En 1774 Kendall fabricó otro reloj, todavía más barato (sin los diamantes en esta ocasión), que vendió al Consejo por £ 100. El K-3 no se portó mejor que el K-2, pero pasó a formar parte del tercer viaje de Cook en el
Discovery
. (Por cierto, Bligh fue oficial navegante a las órdenes de Cook en este viaje. Y aunque mataron a Cook en Hawai, Bligh llegó a gobernador de Nueva Gales del Sur, Australia, donde le encarcelaron los amotinados de la Rebelión del Ron.)

Ninguna de las innovaciones de Kendall pudo compararse con su obra maestra, la copia que realizó con el K-1. Al cabo de poco tiempo dejó de probar nuevas ideas, ya superado por otros con mucha mayor inventiva que él. Uno de ellos era el relojero Thomas Mudge, con tienda en Fleet Street, que en su juventud había sido aprendiz de George Graham el Honrado. Al igual que Kendall, Mudge asistió al desmantelamiento del H-4 en

casa de Harrison. Más adelante, divulgaría por indiscreción aquellos detalles en el transcurso de una cena con Ferdinand Berthoud, aunque juró no haberlo hecho con mala intención.

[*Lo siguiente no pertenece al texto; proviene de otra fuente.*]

text \<open>The Euler equation for \<open>eb a\<close> at \<open>slice w\<close>, rewritten with the closedness
  \<open>\<partial>\<^sub>a eb\<^sub>b = \<partial>\<^sub>b eb\<^sub>a\<close> and the invariance along \<open>e\<close>; it says that \<open>G\<close> has vanishing differential.\<close>

lemma euler_on_slice:
  assumes w: "w \<in> W"
  shows "pdv i (F 2) w + d * omega i w + (\<Sum>k\<in>UNIV. w $ k * pdv i (omega k) w) = 0"
proof (cases "z_indicator i = 0")
  case True
  then show ?thesis using w card_ge_2 by (simp add: pdv_F pdv_omega omega_def)
next
  case False
  then have z_i: "z_indicator i = 1" by (simp add: z_indicator_def split: if_splits)
  define a where "a = inv_into {1..CARD('n)} ix i"
  have a: "a \<in> {1..CARD('n)}" "ix a = i" using inv_into_ix by (simp_all add: a_def)
  define y where "y = slice w"
  have y: "y \<in> U" using slice_in_U[OF w] by (simp add: y_def)
  define D where "D k = pdv k (eb a) y" for k
  have D: "pdv i (eb (inv_into {1..CARD('n)} ix k)) y = D k" for k
    using pdv_eb_sym[OF y a(1) inv_into_ix(1), of k, unfolded inv_into_ix(2)] a(2) by (simp add: D_def)
  have "pdv i (F 2) w = c0 * p2 * D (ix 2)"
    using D[of "ix 2"] card_ge_2 w z_i bij_betw_ix_inv_into[OF ix, of 2] by (simp add: pdv_F y_def)
  moreover have "omega i w = c0 * eb a y" using z_i by (simp add: omega_def a_def y_def)
  moreover have "(\<Sum>k\<in>UNIV. w $ k * pdv i (omega k) w) = c0 * p2 * (\<Sum>k\<in>UNIV. z_indicator k * w $ k * D k)"
    using z_i D by (simp add: pdv_omega[OF w] y_def sum_distrib_left mult_ac)
  moreover have "c0 * (p2 * (\<Sum>k\<in>UNIV. z_indicator k * w $ k * D k) + p2 * D (ix 2)) = c0 * (- d * eb a y)"
  proof -
    have "y $ k * D k = p2 * (z_indicator k * w $ k * D k) + p1 * (unit_vec $ k * D k)
        + (if k = ix 2 then p2 * D k else 0)" for k
      by (simp add: y_def slice_nth algebra_simps)
    then have "(\<Sum>k\<in>UNIV. y $ k * D k) = p2 * (\<Sum>k\<in>UNIV. z_indicator k * w $ k * D k)
        + p1 * (\<Sum>k\<in>UNIV. unit_vec $ k * D k) + p2 * D (ix 2)"
      by (simp add: sum.distrib sum_distrib_left)
    then show ?thesis
      using euler_eb_pdv[OF y a(1)] unit_invariant_eb_pdv[OF y a(1)] by (simp add: D_def)
  qed
  ultimately show ?thesis by (simp add: algebra_simps)
qed

lemma has_derivative_G:
  assumes w: "w \<in> W"
  shows "(G has_derivative (\<lambda>h. 0)) (at w)"
proof -
  note deriv = smooth_on_has_derivative[OF open_W _ w]
  have "((\<lambda>w. w $ k) has_derivative (\<lambda>h. h $ k)) (at w)" for k
    by (intro bounded_linear_imp_has_derivative bounded_linear_vec_nth)
  then have "((\<lambda>w. \<Sum>k\<in>UNIV. w $ k * omega k w) has_derivative
      (\<lambda>h. \<Sum>k\<in>UNIV. w $ k * (\<Sum>i\<in>UNIV. h$i * pdv i (omega k) w) + h $ k * omega k w)) (at w)"
    by (intro has_derivative_sum has_derivative_mult deriv smooth_on_omega)
  then have "(G has_derivative (\<lambda>h. (\<Sum>i\<in>UNIV. h$i * pdv i (F 2) w) +
      (\<Sum>k\<in>UNIV. w $ k * (\<Sum>i\<in>UNIV. h$i * pdv i (omega k) w) + h $ k * omega k w) +
      (d - 1) * (\<Sum>i\<in>UNIV. h$i * pdv i f w))) (at w)"
    unfolding G_def[abs_def] using card_ge_2
    by (intro has_derivative_add has_derivative_mult_right deriv smooth_on_F smooth_on_f) auto
  moreover have "(\<Sum>i\<in>UNIV. h$i * pdv i (F 2) w) +
      (\<Sum>k\<in>UNIV. w $ k * (\<Sum>i\<in>UNIV. h$i * pdv i (omega k) w) + h $ k * omega k w) +
      (d - 1) * (\<Sum>i\<in>UNIV. h$i * pdv i f w)
      = (\<Sum>i\<in>UNIV. h$i * (pdv i (F 2) w + d * omega i w + (\<Sum>k\<in>UNIV. w $ k * pdv i (omega k) w)))"
    for h
  proof -
    have "(\<Sum>k\<in>UNIV. w $ k * (\<Sum>i\<in>UNIV. h$i * pdv i (omega k) w))
        = (\<Sum>i\<in>UNIV. h$i * (\<Sum>k\<in>UNIV. w $ k * pdv i (omega k) w))"
      unfolding sum_distrib_left by (subst sum.swap) (simp add: mult_ac)
    then show ?thesis
      using pdv_f[OF w] by (simp add: algebra_simps sum.distrib sum_distrib_left sum_subtractf)
  qed
  ultimately show ?thesis using euler_on_slice[OF w] by simp
qed

lemma G_const: "w \<in> W \<Longrightarrow> G w = G a0"
  using has_derivative_zero_constant[OF convex_W, of G] has_derivative_G a0_in_W
  by (metis has_derivative_at_withinI)

lemma sum_z_dz_f:
  assumes w: "w \<in> W"
  shows "(\<Sum>j\<in>{1..CARD('n) - 2}. w $ ix (j + 2) * dz ix j f w) = (\<Sum>k\<in>UNIV. w $ k * omega k w)"
proof -
  have "(\<Sum>k\<in>UNIV. w $ k * omega k w) = (\<Sum>i\<in>{1..CARD('n)}. w $ ix i * omega (ix i) w)"
    by (rule bij_betw_ix_sum[OF ix])
  also have "\<dots> = (\<Sum>i\<in>{3..CARD('n)}. w $ ix i * omega (ix i) w)"
  proof (rule sum.mono_neutral_right)
    show "\<forall>i\<in>{1..CARD('n)} - {3..CARD('n)}. w $ ix i * omega (ix i) w = 0"
    proof
      fix i assume "i \<in> {1..CARD('n)} - {3..CARD('n)}"
      then have "i = 1 \<or> i = 2" by auto
      then show "w $ ix i * omega (ix i) w = 0" by (auto simp: omega_def z_indicator_def)
    qed
  qed auto
  also have "\<dots> = (\<Sum>j\<in>{1..CARD('n) - 2}. w $ ix (j + 2) * omega (ix (j + 2)) w)"
  proof -
    have "{3..CARD('n)} = {1 + 2..(CARD('n) - 2) + 2}" using card_ge_2 by auto
    then show ?thesis by (simp only: sum.shift_bounds_cl_nat_ivl)
  qed
  also have "\<dots> = (\<Sum>j\<in>{1..CARD('n) - 2}. w $ ix (j + 2) * dz ix j f w)"
    using pdv_f[OF w] by (simp add: dz_def)
  finally show ?thesis ..
qed

lemma F_2: "w \<in> W \<Longrightarrow>
    F 2 w = - (\<Sum>j\<in>{1..CARD('n) - 2}. w $ ix (j + 2) * dz ix j f w) - (d - 1) * f w + G a0"
proof -
  assume w: "w \<in> W"
  have "F 2 w = G w - (\<Sum>k\<in>UNIV. w $ k * omega k w) - (d - 1) * f w" by (simp add: G_def)
  then show ?thesis by (simp only: G_const[OF w] sum_z_dz_f[OF w])
qed

theorem normal_form:
  shows "\<exists>V W F f C\<^sub>1 C\<^sub>2. open V \<and> p \<in> V \<and> V \<subseteq> U \<and> open W \<and> zmap ix m r ` V \<subseteq> W \<and>
      smooth_on W f \<and> (\<forall>i\<in>{1..CARD('n)}. smooth_on W (F i)) \<and>
      (\<forall>u\<in>V. \<forall>i\<in>{1..CARD('n)}. eb i u = \<bar>u $ ix 2\<bar> powr (- d) * F i (zmap ix m r u)) \<and>
      (\<forall>w\<in>W.
         F 1 w = - (\<Sum>\<alpha>\<in>{2..r}. dz ix (bidx m \<alpha> 1 - 2) f w) + C\<^sub>1 \<and>
         F 2 w = - (\<Sum>j\<in>{1..CARD('n) - 2}. w $ ix (j + 2) * dz ix j f w) - (d - 1) * f w + C\<^sub>2 \<and>
         (\<forall>j\<in>{3..CARD('n)}. F j w = dz ix (j - 2) f w) \<and>
         (\<Sum>\<alpha>\<in>{1..r}. F (bidx m \<alpha> 1) w) = C\<^sub>1) \<and>
      (d \<noteq> 0 \<longrightarrow> C\<^sub>1 = 0)"
  by (intro exI[of _ V] exI[of _ W] exI[of _ F] exI[of _ f] exI[of _ C1] exI[of _ "G a0"] conjI ballI impI
      open_V p_in_V V_subset_U open_W zmap_V_subset_W smooth_on_f smooth_on_F eb_normal_form
      F_1 F_2 dz_f[symmetric] sum_F_first C1_eq_0)

end

theorem mainTheorem2:
  fixes ix :: "nat \<Rightarrow> 'n::finite"
    and U :: "(real^'n) set" and p :: "real^'n"
    and r :: nat and m :: "nat \<Rightarrow> nat"
    and eb :: "nat \<Rightarrow> real^'n \<Rightarrow> real" and d :: real
  assumes ix: "bij_betw ix {1..CARD('n)} UNIV"
    and r: "r \<ge> 1"
    and m_pos: "\<forall>\<alpha>\<in>{1..r}. m \<alpha> \<ge> 1"
    and m_sum: "(\<Sum>\<alpha>\<in>{1..r}. m \<alpha>) = CARD('n)"
    and m1: "m 1 \<ge> 2"
    and pU: "p \<in> U"
    and frob: "frobenius_coords ix U (hankel_metric m r eb) (\<lambda>l j k u. dh_c m r l j k)
                 (\<lambda>s u. dh_e m r s) (\<lambda>s u. u $ ix s) d"
    and jordan: "\<forall>u\<in>U. (\<forall>\<alpha>\<in>{1..r}. m \<alpha> \<ge> 2 \<longrightarrow> u $ ix (bidx m \<alpha> 2) \<noteq> 0) \<and>
                 (\<forall>\<alpha>\<in>{1..r}. \<forall>\<beta>\<in>{1..r}. \<alpha> \<noteq> \<beta> \<longrightarrow> u $ ix (bidx m \<alpha> 1) \<noteq> u $ ix (bidx m \<beta> 1))"
  shows "\<exists>V W F f C\<^sub>1 C\<^sub>2. open V \<and> p \<in> V \<and> V \<subseteq> U \<and> open W \<and> zmap ix m r ` V \<subseteq> W \<and>
      smooth_on W f \<and> (\<forall>i\<in>{1..CARD('n)}. smooth_on W (F i)) \<and>
      (\<forall>u\<in>V. \<forall>i\<in>{1..CARD('n)}. eb i u = \<bar>u $ ix 2\<bar> powr (- d) * F i (zmap ix m r u)) \<and>
      (\<forall>w\<in>W.
         F 1 w = - (\<Sum>\<alpha>\<in>{2..r}. dz ix (bidx m \<alpha> 1 - 2) f w) + C\<^sub>1 \<and>
         F 2 w = - (\<Sum>j\<in>{1..CARD('n) - 2}. w $ ix (j + 2) * dz ix j f w) - (d - 1) * f w + C\<^sub>2 \<and>
         (\<forall>j\<in>{3..CARD('n)}. F j w = dz ix (j - 2) f w) \<and>
         (\<Sum>\<alpha>\<in>{1..r}. F (bidx m \<alpha> 1) w) = C\<^sub>1) \<and>
      (d \<noteq> 0 \<longrightarrow> C\<^sub>1 = 0)"
proof -
  have "u $ ix 2 \<noteq> 0" if "u \<in> U" for u
  proof -
    have "\<forall>\<alpha>\<in>{1..r}. 2 \<le> m \<alpha> \<longrightarrow> u $ ix (bidx m \<alpha> 2) \<noteq> 0" using jordan that by blast
    moreover have "1 \<in> {1..r}" using r by simp
    ultimately have "u $ ix (bidx m 1 2) \<noteq> 0" using m1 by blast
    then show ?thesis by simp
  qed
  then interpret dh_frobenius_point m r ix U eb d p
    using r m_pos m_sum ix frob m1 pU by unfold_locales auto
  show ?thesis by (rule normal_form)
qed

Mudge tenía merecida reputación de buen artesano y comerciante decente. Construyó su primer reloj marino en 1774, incorporando y mejorando muchas de las ideas de Harrison. Envidiablemente ejecutado por dentro y por fuera, el cronómetro de Mudge llevaba una clase especial de corona y un estuche dorado de ocho lados con la esfera llena de filigranas de oro. En 1777 hizo otros dos, llamados «verde» y «azul», idénticos salvo por el color de los estuches, para que compitieran por el resto de £ 10.000 del premio de la longitud.

Mientras probaba el primer cronómetro de Mudge en Greenwich, Nevil Maskelyne dejó que se parase, involuntariamente, y al cabo de otro mes rompió, sin querer, el muelle real de la máquina. Muy contrariado, Mudge pasó a ocupar el lugar de Harrison como adversario de Maskelyne. Los dos mantuvieron un fuerte intercambio de opiniones hasta que Mudge cayó enfermo, a principios de la última década del siglo xviii. Desde entonces su hijo Thomas, que era abogado, continuó la disputa, en parte mediante la publicación de opúsculos, y obtuvo 3.000 libras del Consejo de la Longitud a modo de reconocimiento por las aportaciones de su padre.

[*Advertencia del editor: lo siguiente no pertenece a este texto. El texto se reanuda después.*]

(* For every integer $n\ge2$, \[ Q_n(x)=\left(\frac{1+\sqrt{5+4x}}2\right)^n+\left(\frac{1-\sqrt{5+4x}}2\right)^n . \]
   Context: For $n\ge1$ let $\Xi_n$ be the poset on $\{x_1,\dots,x_n\}$ whose cover relations are exactly: $x_2\prec x_1$, $x_3\prec x_2$, and for $3\le i\le n-1$, $x_i\prec x_{i+1}$ if $i$ is odd and $x_{i+1}\prec x_i$ if $i$ is even (so $x_1>x_2>x_3<x_4>x_5<\cdots$). A filter of a poset is an up-closed subset. The matchable Lucas cube $\Omega_n$ is the graph whose vertices are the filters of $\Xi_n$, two filters adjacent iff one is obtained from the other by deleting a single element. $q_{n,k}$ denotes the number of induced subgraphs of $\Omega_n$ isomorphic to the $k$-dimensional hypercube, and $Q_n(x)=\sum_{k\ge0}q_{n,k}x^k$ is the cube polynomial of $\Omega_n$. *)

theory Defs
  imports Complex_Main
begin

text \<open>Cover relations of the poset Xi_n on the elements x_1,...,x_n (encoded as the
naturals 1..n).  xi_cover n a b means x_a is covered by x_b, i.e. x_a \<prec> x_b.\<close>
definition xi_cover :: "nat \<Rightarrow> nat \<Rightarrow> nat \<Rightarrow> bool" where
  "xi_cover n a b \<longleftrightarrow>
     (n \<ge> 2 \<and> a = 2 \<and> b = 1) \<or>
     (n \<ge> 3 \<and> a = 3 \<and> b = 2) \<or>
     (\<exists>i. 3 \<le> i \<and> i \<le> n - 1 \<and>
        ((odd i \<and> a = i \<and> b = Suc i) \<or> (even i \<and> a = Suc i \<and> b = i)))"

definition xi_le :: "nat \<Rightarrow> nat \<Rightarrow> nat \<Rightarrow> bool" where
  "xi_le n a b \<longleftrightarrow> a \<in> {1..n} \<and> b \<in> {1..n} \<and> (xi_cover n)\<^sup>*\<^sup>* a b"

definition xi_filters :: "nat \<Rightarrow> nat set set" where
  "xi_filters n = {F. F \<subseteq> {1..n} \<and> (\<forall>a\<in>F. \<forall>b. xi_le n a b \<longrightarrow> b \<in> F)}"

definition omega_adj :: "nat \<Rightarrow> nat set \<Rightarrow> nat set \<Rightarrow> bool" where
  "omega_adj n F G \<longleftrightarrow> F \<in> xi_filters n \<and> G \<in> xi_filters n \<and>
     ((\<exists>x\<in>F. G = F - {x}) \<or> (\<exists>x\<in>G. F = G - {x}))"

definition induces_cube :: "nat \<Rightarrow> nat \<Rightarrow> nat set set \<Rightarrow> bool" where
  "induces_cube n k S \<longleftrightarrow> S \<subseteq> xi_filters n \<and>
     (\<exists>f. bij_betw f (Pow {..<k}) S \<and>
        (\<forall>A\<in>Pow {..<k}. \<forall>B\<in>Pow {..<k}.
            omega_adj n (f A) (f B) \<longleftrightarrow> card ((A - B) \<union> (B - A)) = 1))"

definition q_count :: "nat \<Rightarrow> nat \<Rightarrow> nat" where
  "q_count n k = card {S. induces_cube n k S}"

text \<open>Cube polynomial; q_count n k = 0 once 2^k exceeds the number of vertices,
so summing up to the number of vertices covers all nonzero terms.\<close>
definition cube_poly :: "nat \<Rightarrow> complex \<Rightarrow> complex" where
  "cube_poly n x = (\<Sum>k\<le>card (xi_filters n). of_nat (q_count n k) * x ^ k)"

end

theory Submission
  imports Defs
begin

Mientras que Kendall y Mudge construyeron tres relojes marinos cada uno durante toda su vida, y Harrison cinco, John Arnold realizó varios centenares, y de alta calidad. Quizá su prodigiosa producción fuera aún mayor de lo que se sabe, ya que, mercader astuto, a veces grababa «Número 1 » en un reloj que no era en absoluto

el primero de su clase en una línea de productos concreta. El secreto de la rapidez de fabricación de Arnold radicaba en que distribuía el grueso del trabajo rutinario entre varios artesanos y él sólo hacía las partes difíciles, sobre todo la meticulosa regulación.

A medida que aumentaba su buena estrella, empezó a extenderse el uso de la palabra cronómetro para designar el reloj marino. Jeremy Thacker había acuñado el término en 1714, pero éste no se hizo popular hasta 1779, cuando apareció en el título de un opúsculo de Alexander Dalrymple, de la East India Company
, Some Notes Useful to Those Who Have Chronometers at Sea
(Notas útiles para quienes utilizan cronómetros en el mar).

«La máquina empleada para medir el tiempo en el mar se denomina aquí cronómetro, [ya que] una máquina tan valiosa merece ser conocida con un nombre y no con una definición», explica Dalrymple.

Los tres primeros cronómetros portátiles de Arnold, que entregó al Consejo de la Longitud, viajaron, como el K-1, con el capitán Cook. El trío arnoldiano fue en la travesía de 1772-1775 a la Antártica y al Pacífico sur. Las «vicisitudes de los climas», como definía Cook la variación global de los elementos atmosféricos, hicieron que los relojes de Arnold funcionaran mal. Cook declaró que no le habían impresionado lo más mínimo las máquinas a bordo de sus barcos.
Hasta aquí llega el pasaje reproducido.